NVIDIA may be kicking all kinds of tail on the mobile front with its ubiquitous Tegra 2 chipset, but back on its home turf of laptop and desktop graphics, things aren’t looking so hot. The latest figures from Jon Peddie Research show that the GPU giant has lost 2.5 percentage points of its market share and now accounts for exactly a fifth of graphics chips sold on x86 devices. That’s a hefty drop from last year’s 28.4 percent slice, and looks to have been driven primarily by sales of cheaper integrated GPUs, such as those found inside Intel’s Clarkdale, Arrandale, and most recently, Sandy Bridge processors. AMD’s introduction of Fusion APUs that combine general and graphics processing into one has also boosted its fortunes, resulting in 13.3 percent growth in sales relative to the previous quarter and a 15.4 percent increase year-on-year.
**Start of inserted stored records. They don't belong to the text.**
lemma cont_orbit_equivalent_if_rtranclp_elem_coded_equiv:
  assumes "(\<lambda>p q. elem_coded_equiv (fst p) (snd p) (fst q) (snd q))\<^sup>*\<^sup>* p q"
  shows "cont_orbit_equivalent (XA (fst p) (snd p)) (XA (fst q) (snd q))"
  using assms
proof (induction rule: rtranclp_induct)
  case base
  show ?case
    by (rule cont_orbit_equivalent_refl) (rule suffix_XA)
next
  case (step q r)
  from step.IH cont_orbit_equivalent_if_elem_coded_equiv[OF step.hyps(2)] show ?case
    by (rule cont_orbit_equivalent_trans) (rule suffix_XA)+
qed

theorem mainTheorem1:
  fixes N M :: nat and A B :: "nat \<Rightarrow> nat \<Rightarrow> bool"
  assumes "irreducible_mat N A" and "\<not> permutation_mat N A"
    and "irreducible_mat M B" and "\<not> permutation_mat M B"
    and "coded_equiv N A M B"
  shows "cont_orbit_equiv N A M B"
  using cont_orbit_equivalent_if_rtranclp_elem_coded_equiv[OF
      rtranclp_elem_coded_equiv_if_coded_equiv[OF assms(5)]]
  by (simp add: cont_orbit_equiv_iff)

end
(* Let $n\ge 2$, $F$ the free group on $g_1,\dots,g_n$, $F^{(1)}=[F,F]$, $F^{(2)}=[F^{(1)},F^{(1)}]$, $\Lambda_n=\mathbb{Z}[t_1,t_1^{-1},\dots,t_n,t_n^{-1}]$, and let $\mu_1:F\to \mathrm{SL}(2,\Lambda_n)$ be the group homomorphism with $\mu_1(g_i)=\begin{bmatrix} t_i&0\\ 1&t_i^{-1}\end{bmatrix}$ for $1\le i\le n$. Let $w\in F^{(1)}\setminus F^{(2)}$. Then there exists a nonzero Laurent polynomial $\mathcal{L}_w\in\Lambda_n$ such that $$\mu_1(w)=\begin{bmatrix} 1&0\\ \mathcal{L}_w&1\end{bmatrix}.$$ *)

theory Defs
  imports "HOL-Library.Poly_Mapping" "HOL-Algebra.Generated_Groups"
begin

text \<open>A letter (i, False) stands for g_i, (i, True) for its inverse g_i^{-1}.\<close>
type_synonym letter = "nat \<times> bool"

definition inv_letter :: "letter \<Rightarrow> letter" where
  "inv_letter l = (fst l, \<not> snd l)"

fun reduced :: "letter list \<Rightarrow> bool" where
  "reduced (a # b # w) = (b \<noteq> inv_letter a \<and> reduced (b # w))"
| "reduced _ = True"

definition reduce :: "letter list \<Rightarrow> letter list" where
  "reduce w = foldr (\<lambda>a acc. case acc of
       [] \<Rightarrow> [a]
     | b # r \<Rightarrow> (if b = inv_letter a then r else a # acc)) w []"

definition free_group :: "nat \<Rightarrow> letter list monoid" where
  "free_group n = \<lparr> carrier = {w. (\<forall>l \<in> set w. fst l \<in> {1..n}) \<and> reduced w},
                    mult = (\<lambda>x y. reduce (x @ y)),
                    one = [] \<rparr>"

text \<open>Exponent vectors are finitely supported maps nat \<Rightarrow> int; variable t_i has exponent
  vector single i 1.  Lambda_n is the subring generated by t_1^{\<pm>1},...,t_n^{\<pm>1}.\<close>
type_synonym laurent = "(nat \<Rightarrow>\<^sub>0 int) \<Rightarrow>\<^sub>0 int"

definition lvar :: "nat \<Rightarrow> int \<Rightarrow> laurent" where
  "lvar i k = Poly_Mapping.single (Poly_Mapping.single i k) 1"

type_synonym mat2 = "laurent \<times> laurent \<times> laurent \<times> laurent"
  \<comment> \<open>(a, b, c, d) stands for the matrix [[a, b], [c, d]]\<close>

definition mat2_mult :: "mat2 \<Rightarrow> mat2 \<Rightarrow> mat2" where
  "mat2_mult M N = (case M of (a, b, c, d) \<Rightarrow> case N of (e, f, g, h) \<Rightarrow>
      (a*e + b*g, a*f + b*h, c*e + d*g, c*f + d*h))"

definition mat2_id :: mat2 where "mat2_id = (1, 0, 0, 1)"

definition letter_mat :: "letter \<Rightarrow> mat2" where
  "letter_mat l = (if snd l then (lvar (fst l) (-1), 0, -1, lvar (fst l) 1)
                   else (lvar (fst l) 1, 0, 1, lvar (fst l) (-1)))"

definition mu1 :: "letter list \<Rightarrow> mat2" where
  "mu1 w = foldr (\<lambda>l M. mat2_mult (letter_mat l) M) w mat2_id"

end

theory Submission
  imports Defs
begin

text \<open>Read a word \<open>w\<close> as a walk in the Cayley graph of \<open>\<int>\<^sup>n = F/F'\<close>, in which a letter
  g_i^(\<plusminus>1) traverses the edge (q, i) joining q and q + e_i forwards or backwards. Multiplying
  out \<open>\<mu>\<^sub>1(w)\<close>, the diagonal entries are t^(\<plusminus>abel w) and each traversal of (q, i) contributes
  \<plusminus>t^(-2q - e_i) to the lower left entry. As (q, i) \<mapsto> -2q - e_i is injective, for w in F' that
  entry vanishes only if every edge is traversed equally often in both directions. On the other
  hand, with T(q) = g_1^q_1 \<cdots> g_n^q_n, the word w telescopes into the product of the Schreier
  generators T(q) g_i T(q + e_i)^(-1) of F' along its walk; when all net traversal counts vanish,
  this product is trivial in the abelianization of F', so w lies in F''.\<close>

definition reduce_step :: "letter \<Rightarrow> letter list \<Rightarrow> letter list" where
  "reduce_step a acc =
     (case acc of [] \<Rightarrow> [a] | b # r \<Rightarrow> (if b = inv_letter a then r else a # acc))"

lemma reduce_eq_foldr: "reduce w = foldr reduce_step w []"
  unfolding reduce_def reduce_step_def by simp

lemma inv_letter_inv_letter [simp]: "inv_letter (inv_letter a) = a"
  by (simp add: inv_letter_def)

lemma inv_letter_eq_iff: "inv_letter a = b \<longleftrightarrow> a = inv_letter b"
  by (auto simp add: inv_letter_def)

lemma reduced_ConsD: "reduced (a # w) \<Longrightarrow> reduced w"
  by (cases w) auto

lemma reduced_reduce_step: "reduced acc \<Longrightarrow> reduced (reduce_step a acc)"
  by (cases acc) (auto simp: reduce_step_def intro: reduced_ConsD)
Of course, the real profits are to be made in the discrete graphics card market, where NVIDIA remains highly competitive, but looking at figures like these shows quite clearly why NVIDIA is working on an ARM CPU for the desktop — its long-term survival depends on it.

NVIDIA losing ground to AMD and Intel in GPU market share originally appeared on Engadget on Wed, 04 May 2011 08:29:00 EDT. Please see our terms for use of feeds.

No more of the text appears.